Hoen Lukas, Lartey Sarah, Zhou Fan, Pathirana Rishi D, Krammer Florian, Mohn Kristin G-I, Cox Rebecca J, Brokstad Karl A
Influenza Centre, Department of Clinical Science, University of Bergen, Haukelandsbakken, 5009 Bergen, Norway.
Department of Microbiology, Icahn School of Medicine at Mount Sinai, New York, NY 10029, USA.
Vaccines (Basel). 2024 Aug 1;12(8):864. doi: 10.3390/vaccines12080864.

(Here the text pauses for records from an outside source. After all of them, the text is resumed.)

theorem theorem3p1:
  fixes N :: nat and e :: "nat \<Rightarrow> real^'d" and \<delta> \<epsilon> :: real
    and M :: "'w measure" and \<eta> :: "nat \<Rightarrow> 'w \<Rightarrow> real"
  assumes frame: "unit_norm_tight_frame N e"
    and delta: "\<delta> > 0"
    and P: "prob_space M"
    and indep: "prob_space.indep_vars M (\<lambda>_. borel) \<eta> {..<N}"
    and unif: "\<And>j. j < N \<Longrightarrow> distr M lborel (\<eta> j) = uniform_measure lborel {-\<delta>/2..<\<delta>/2}"
    and eps: "0 < \<epsilon>" "\<epsilon> < 1/2"
  shows "measure M {\<omega> \<in> space M.
            norm (recon_error N e (\<lambda>j. \<eta> j \<omega>))
              \<le> real CARD('d) * \<delta> / real N powr (1/2 - \<epsilon>) * (frame_variation N e + 1)}
         \<ge> 1 - 2 * real N * exp (- 2 * real N powr (2 * \<epsilon>))"
proof (cases "N = 0")
  case True
  then show ?thesis
    using prob_space.prob_space[OF P] by (simp add: recon_error_def)
next
  case False
  interpret prob_space M by (rule P)
  have meas: "\<eta> j \<in> borel_measurable M" if "j < N" for j
    using indep that unfolding indep_vars_def by auto
  have unit: "norm (e j) = 1" if "j < N" for j
    using frame that unfolding unit_norm_tight_frame_def by auto
  obtain p where p: "p permutes {..<N}"
    and sigma: "frame_variation N e = (\<Sum>j<N - 1. norm (e (p j) - e (p (j + 1))))"
    by (rule frame_variation_attained)
  \<comment> \<open>Outside the union of the events where some partial sum along \<open>p\<close> is large,
    the deterministic bound applies.\<close>
  define bad where "bad k = {\<omega> \<in> space M. \<delta> * real N powr (1/2 + \<epsilon>) \<le> \<bar>\<Sum>j\<le>k. \<eta> (p j) \<omega>\<bar>}"
    for k
  have "1 - real N * (2 * exp (- 2 * real N powr (2 * \<epsilon>)))
          \<le> prob {\<omega> \<in> space M. norm (recon_error N e (\<lambda>j. \<eta> j \<omega>))
                 \<le> real CARD('d) * \<delta> / real N powr (1/2 - \<epsilon>) * (frame_variation N e + 1)}"
    (is "_ \<le> prob ?good")
  proof (rule prob_ge_by_union_bound[where A = bad])
    show "space M - (\<Union>k<N. bad k) \<subseteq> ?good"
    proof
      fix \<omega> assume \<omega>: "\<omega> \<in> space M - (\<Union>k<N. bad k)"
      then have "\<bar>\<Sum>j\<le>k. \<eta> (p j) \<omega>\<bar> \<le> \<delta> * real N powr (1/2 + \<epsilon>)" if "k < N" for k
        using that by (force simp: bad_def)
      then show "\<omega> \<in> ?good"
        using recon_error_bound[OF unit _ p sigma, of "\<lambda>j. \<eta> j \<omega>"] \<omega> False by auto
    qed
    show "?good \<in> events"
      by (rule random_sum_events(1)[OF meas])
    show "bad k \<in> events" if "k < N" for k
      unfolding bad_def by (rule random_sum_events(2)[OF meas p that])
    show "prob (bad k) \<le> 2 * exp (- 2 * real N powr (2 * \<epsilon>))" if "k < N" for k
      unfolding bad_def by (rule partial_sum_tail[OF indep unif delta p that])
  qed
  then show ?thesis
    by (simp add: mult.assoc)
qed

end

Live attenuated influenza vaccines (LAIV) typically induce a poor hemagglutination inhibition (HI) response, which is the standard correlate of protection for inactivated influenza vaccines. The significance of the HI response is complicated because the LAIV vaccine primarily induces the local mucosal immune system, while the HI assay measures the circulating serum antibody response. However, age and pre-existing immunity have been identified as important factors affecting LAIV immunogenicity. This study aimed to extend our understanding of LAIV-induced immunity, particularly, the impact age and pre-existing immunity have on eliciting functional and neutralising antibody responses in paediatric and adult populations vaccinated with LAIV. Thirty-one children and 26 adults were immunized with the trivalent LAIV during the 2013-2014 influenza season in Norway. Children under 9 years received a second dose of LAIV 28 days after the first dose. Blood samples were collected pre- and post-vaccination. HI, microneutralization (MN) and enzyme-linked lectin assay for neuraminidase (NA) antibodies were measured against the vaccine strains. IgG antibody avidity against hemagglutinin (HA) and NA proteins from the vaccine strains was also assessed. Significant correlations were observed between HI and MN responses to A/California/7/2009 (A/H1N1)pdm09-like strain and B/Massachusetts/2/2012-like strain, suggesting that MN is a potential immunological correlate for LAIV. However, the relationship between recipient age (or priming status) and serological response varied between vaccine strains. There was a notable increase in HI and MN responses in all cohorts except naive children against the H1N1 strain, where most recipients had responses below the protective antibody threshold. NAI responses were generally weak in naive children against all vaccine strains compared with adults or antigen-primed children. Post-vaccination antibody avidity increased only in primed children below nine years of age against the A/H1N1 strain. Overall, our findings indicate that LAIV elicits functional and neutralizing antibody responses in both naive and antigen experienced cohorts, however, the magnitude and kinetics of the response varies between vaccine strains.
减毒活流感疫苗(LAIV)通常诱导出较差的血凝抑制(HI)反应,而HI反应是灭活流感疫苗保护作用的标准相关指标。HI反应的意义较为复杂,因为LAIV疫苗主要诱导局部黏膜免疫系统,而HI检测测量的是循环血清抗体反应。然而,年龄和既往免疫已被确定为影响LAIV免疫原性的重要因素。本研究旨在扩展我们对LAIV诱导免疫的理解,特别是年龄和既往免疫对接种LAIV的儿童和成人人群中引发功能性和中和抗体反应的影响。2013 - 2014年流感季节期间,挪威的31名儿童和26名成人接种了三价LAIV。9岁以下儿童在第一剂接种28天后接种第二剂。在接种疫苗前后采集血样。针对疫苗株检测HI、微量中和(MN)以及神经氨酸酶(NA)抗体的酶联凝集试验。还评估了针对疫苗株血凝素(HA)和NA蛋白的IgG抗体亲和力。观察到针对A/加利福尼亚/7/2009(A/H1N1)pdm09样株和B/马萨诸塞/2/2012样株的HI和MN反应之间存在显著相关性,表明MN是LAIV的潜在免疫相关指标。然而,疫苗株之间,受种者年龄(或免疫状态)与血清学反应的关系有所不同。除了未接触过抗原的儿童外,所有队列针对H1N1株的HI和MN反应均有显著增加,其中大多数受种者的反应低于保护性抗体阈值。与成人或已接触过抗原的儿童相比,未接触过抗原的儿童针对所有疫苗株的NAI反应通常较弱。接种疫苗后,仅9岁以下已接触过抗原的儿童针对A/H1N1株的抗体亲和力有所增加。总体而言,我们的研究结果表明,LAIV在未接触过抗原和已接触过抗原的队列中均能引发功能性和中和抗体反应,然而,不同疫苗株的反应强度和动力学有所不同。